◆ Work instructions: Give again, unaltered, the lines of the listing below that run from the line having "using assms unfolding query_closed_def" through the line having "c Y \<Longrightarrow>".

*** Begin section ***

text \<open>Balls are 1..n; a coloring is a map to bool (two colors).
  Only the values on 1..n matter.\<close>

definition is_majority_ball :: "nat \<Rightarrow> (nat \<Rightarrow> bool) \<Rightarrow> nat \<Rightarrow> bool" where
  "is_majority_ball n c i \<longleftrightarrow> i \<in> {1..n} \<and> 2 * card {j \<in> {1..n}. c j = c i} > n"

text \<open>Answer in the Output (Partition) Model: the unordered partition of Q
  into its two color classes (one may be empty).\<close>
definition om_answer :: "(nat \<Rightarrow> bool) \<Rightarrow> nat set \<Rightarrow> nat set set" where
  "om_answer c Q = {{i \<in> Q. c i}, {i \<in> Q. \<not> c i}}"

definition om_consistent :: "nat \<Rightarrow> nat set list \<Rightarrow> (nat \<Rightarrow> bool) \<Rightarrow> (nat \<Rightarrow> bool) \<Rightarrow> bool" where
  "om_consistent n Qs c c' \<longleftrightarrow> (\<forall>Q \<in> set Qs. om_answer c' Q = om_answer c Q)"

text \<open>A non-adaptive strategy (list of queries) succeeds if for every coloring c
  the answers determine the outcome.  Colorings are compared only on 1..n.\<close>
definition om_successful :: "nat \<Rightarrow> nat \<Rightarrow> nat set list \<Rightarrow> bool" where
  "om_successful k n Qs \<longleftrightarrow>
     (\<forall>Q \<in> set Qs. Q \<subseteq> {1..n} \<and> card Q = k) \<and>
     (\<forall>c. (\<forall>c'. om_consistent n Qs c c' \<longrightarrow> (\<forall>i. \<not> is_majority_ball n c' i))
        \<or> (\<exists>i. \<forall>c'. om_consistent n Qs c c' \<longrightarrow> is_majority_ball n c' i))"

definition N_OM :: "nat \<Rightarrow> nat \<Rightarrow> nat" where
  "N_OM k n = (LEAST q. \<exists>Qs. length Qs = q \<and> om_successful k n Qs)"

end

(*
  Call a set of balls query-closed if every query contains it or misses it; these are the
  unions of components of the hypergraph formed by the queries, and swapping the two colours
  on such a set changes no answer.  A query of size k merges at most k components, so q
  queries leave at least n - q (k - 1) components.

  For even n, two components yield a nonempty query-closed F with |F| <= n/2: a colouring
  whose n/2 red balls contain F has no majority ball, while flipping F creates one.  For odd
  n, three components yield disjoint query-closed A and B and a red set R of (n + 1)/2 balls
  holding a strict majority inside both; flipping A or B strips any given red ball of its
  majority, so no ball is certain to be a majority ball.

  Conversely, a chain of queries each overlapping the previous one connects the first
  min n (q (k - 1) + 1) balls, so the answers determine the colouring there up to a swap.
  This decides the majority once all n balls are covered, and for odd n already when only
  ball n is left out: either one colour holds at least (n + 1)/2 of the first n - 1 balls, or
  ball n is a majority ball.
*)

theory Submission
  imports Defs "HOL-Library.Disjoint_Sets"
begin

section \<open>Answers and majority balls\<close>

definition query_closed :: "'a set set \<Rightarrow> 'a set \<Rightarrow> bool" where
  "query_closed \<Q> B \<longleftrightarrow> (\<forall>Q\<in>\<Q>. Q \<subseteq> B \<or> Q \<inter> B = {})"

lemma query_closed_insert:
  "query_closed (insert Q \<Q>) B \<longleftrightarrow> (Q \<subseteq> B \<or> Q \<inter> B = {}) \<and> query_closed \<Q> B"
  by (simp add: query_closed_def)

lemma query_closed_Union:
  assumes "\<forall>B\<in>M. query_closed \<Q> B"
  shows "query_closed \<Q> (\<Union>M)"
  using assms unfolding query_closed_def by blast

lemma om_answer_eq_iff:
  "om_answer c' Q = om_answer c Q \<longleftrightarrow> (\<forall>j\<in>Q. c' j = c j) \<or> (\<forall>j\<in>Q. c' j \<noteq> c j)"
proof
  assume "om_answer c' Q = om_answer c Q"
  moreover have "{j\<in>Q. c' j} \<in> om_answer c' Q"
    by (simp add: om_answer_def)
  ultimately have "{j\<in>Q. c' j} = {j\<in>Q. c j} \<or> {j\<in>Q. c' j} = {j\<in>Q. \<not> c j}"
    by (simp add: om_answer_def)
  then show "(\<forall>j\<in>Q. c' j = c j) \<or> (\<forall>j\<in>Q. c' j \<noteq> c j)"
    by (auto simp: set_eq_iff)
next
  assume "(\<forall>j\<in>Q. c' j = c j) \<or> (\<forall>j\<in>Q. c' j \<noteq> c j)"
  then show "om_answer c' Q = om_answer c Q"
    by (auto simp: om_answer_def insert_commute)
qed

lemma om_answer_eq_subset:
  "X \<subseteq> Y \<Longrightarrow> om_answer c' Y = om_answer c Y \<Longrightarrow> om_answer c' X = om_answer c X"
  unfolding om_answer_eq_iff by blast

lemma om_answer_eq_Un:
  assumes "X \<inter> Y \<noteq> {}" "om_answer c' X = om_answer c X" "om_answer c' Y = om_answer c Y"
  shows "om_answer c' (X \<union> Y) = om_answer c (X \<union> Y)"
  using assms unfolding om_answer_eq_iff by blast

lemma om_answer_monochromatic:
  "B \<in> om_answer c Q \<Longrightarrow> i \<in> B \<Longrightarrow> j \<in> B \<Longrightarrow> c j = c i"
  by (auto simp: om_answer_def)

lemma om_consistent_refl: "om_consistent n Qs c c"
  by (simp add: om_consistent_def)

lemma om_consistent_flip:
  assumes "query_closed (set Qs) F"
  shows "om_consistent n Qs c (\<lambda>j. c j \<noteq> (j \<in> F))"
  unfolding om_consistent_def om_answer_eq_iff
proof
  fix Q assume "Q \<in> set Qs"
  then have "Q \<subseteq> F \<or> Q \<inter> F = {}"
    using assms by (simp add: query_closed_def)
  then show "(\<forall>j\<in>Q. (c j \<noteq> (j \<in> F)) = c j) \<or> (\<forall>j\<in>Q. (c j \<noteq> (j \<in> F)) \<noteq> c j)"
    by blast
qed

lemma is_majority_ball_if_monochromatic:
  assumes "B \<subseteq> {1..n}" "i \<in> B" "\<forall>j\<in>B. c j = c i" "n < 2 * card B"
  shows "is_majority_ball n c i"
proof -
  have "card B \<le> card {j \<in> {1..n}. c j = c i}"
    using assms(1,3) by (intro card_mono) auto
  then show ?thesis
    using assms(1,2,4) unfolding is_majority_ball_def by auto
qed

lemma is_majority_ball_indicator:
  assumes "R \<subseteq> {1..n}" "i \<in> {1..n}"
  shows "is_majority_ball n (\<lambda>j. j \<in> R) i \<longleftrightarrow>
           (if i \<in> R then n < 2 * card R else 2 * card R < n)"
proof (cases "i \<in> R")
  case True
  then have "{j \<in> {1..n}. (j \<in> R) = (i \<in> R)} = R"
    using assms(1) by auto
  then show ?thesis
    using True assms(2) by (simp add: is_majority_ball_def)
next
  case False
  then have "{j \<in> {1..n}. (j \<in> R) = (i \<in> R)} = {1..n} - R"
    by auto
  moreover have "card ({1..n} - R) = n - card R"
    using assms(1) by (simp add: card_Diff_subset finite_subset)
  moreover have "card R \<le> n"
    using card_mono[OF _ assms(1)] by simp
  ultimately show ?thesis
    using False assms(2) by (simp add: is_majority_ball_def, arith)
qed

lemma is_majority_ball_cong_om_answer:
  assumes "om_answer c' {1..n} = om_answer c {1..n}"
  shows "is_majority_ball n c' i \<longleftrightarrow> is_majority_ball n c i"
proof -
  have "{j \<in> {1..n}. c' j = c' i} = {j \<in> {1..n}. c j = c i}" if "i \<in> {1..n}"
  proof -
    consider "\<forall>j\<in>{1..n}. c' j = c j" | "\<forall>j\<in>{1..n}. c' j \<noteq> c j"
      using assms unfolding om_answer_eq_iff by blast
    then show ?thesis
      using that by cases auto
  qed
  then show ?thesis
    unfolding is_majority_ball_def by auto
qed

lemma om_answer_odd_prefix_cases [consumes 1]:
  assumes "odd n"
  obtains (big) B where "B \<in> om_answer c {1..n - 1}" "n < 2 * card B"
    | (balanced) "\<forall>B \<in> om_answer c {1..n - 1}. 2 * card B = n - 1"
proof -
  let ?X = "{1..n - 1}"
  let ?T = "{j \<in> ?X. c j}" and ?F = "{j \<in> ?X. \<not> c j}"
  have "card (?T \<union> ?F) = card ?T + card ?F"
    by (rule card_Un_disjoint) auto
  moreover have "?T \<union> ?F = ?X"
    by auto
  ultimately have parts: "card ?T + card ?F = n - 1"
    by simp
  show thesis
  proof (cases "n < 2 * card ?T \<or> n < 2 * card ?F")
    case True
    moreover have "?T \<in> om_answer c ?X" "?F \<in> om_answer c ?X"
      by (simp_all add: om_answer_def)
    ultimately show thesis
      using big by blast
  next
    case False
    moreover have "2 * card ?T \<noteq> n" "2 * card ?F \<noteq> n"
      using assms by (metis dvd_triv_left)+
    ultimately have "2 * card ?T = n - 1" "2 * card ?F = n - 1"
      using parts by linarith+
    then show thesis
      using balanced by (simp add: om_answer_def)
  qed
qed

*** End section ***

◆ The completed task:
  using assms unfolding query_closed_def by blast

lemma om_answer_eq_iff:
  "om_answer c' Q = om_answer c Q \<longleftrightarrow> (\<forall>j\<in>Q. c' j = c j) \<or> (\<forall>j\<in>Q. c' j \<noteq> c j)"
proof
  assume "om_answer c' Q = om_answer c Q"
  moreover have "{j\<in>Q. c' j} \<in> om_answer c' Q"
    by (simp add: om_answer_def)
  ultimately have "{j\<in>Q. c' j} = {j\<in>Q. c j} \<or> {j\<in>Q. c' j} = {j\<in>Q. \<not> c j}"
    by (simp add: om_answer_def)
  then show "(\<forall>j\<in>Q. c' j = c j) \<or> (\<forall>j\<in>Q. c' j \<noteq> c j)"
    by (auto simp: set_eq_iff)
next
  assume "(\<forall>j\<in>Q. c' j = c j) \<or> (\<forall>j\<in>Q. c' j \<noteq> c j)"
  then show "om_answer c' Q = om_answer c Q"
    by (auto simp: om_answer_def insert_commute)
qed

lemma om_answer_eq_subset:
  "X \<subseteq> Y \<Longrightarrow> om_answer c' Y = om_answer c Y \<Longrightarrow> om_answer c' X = om_answer c X"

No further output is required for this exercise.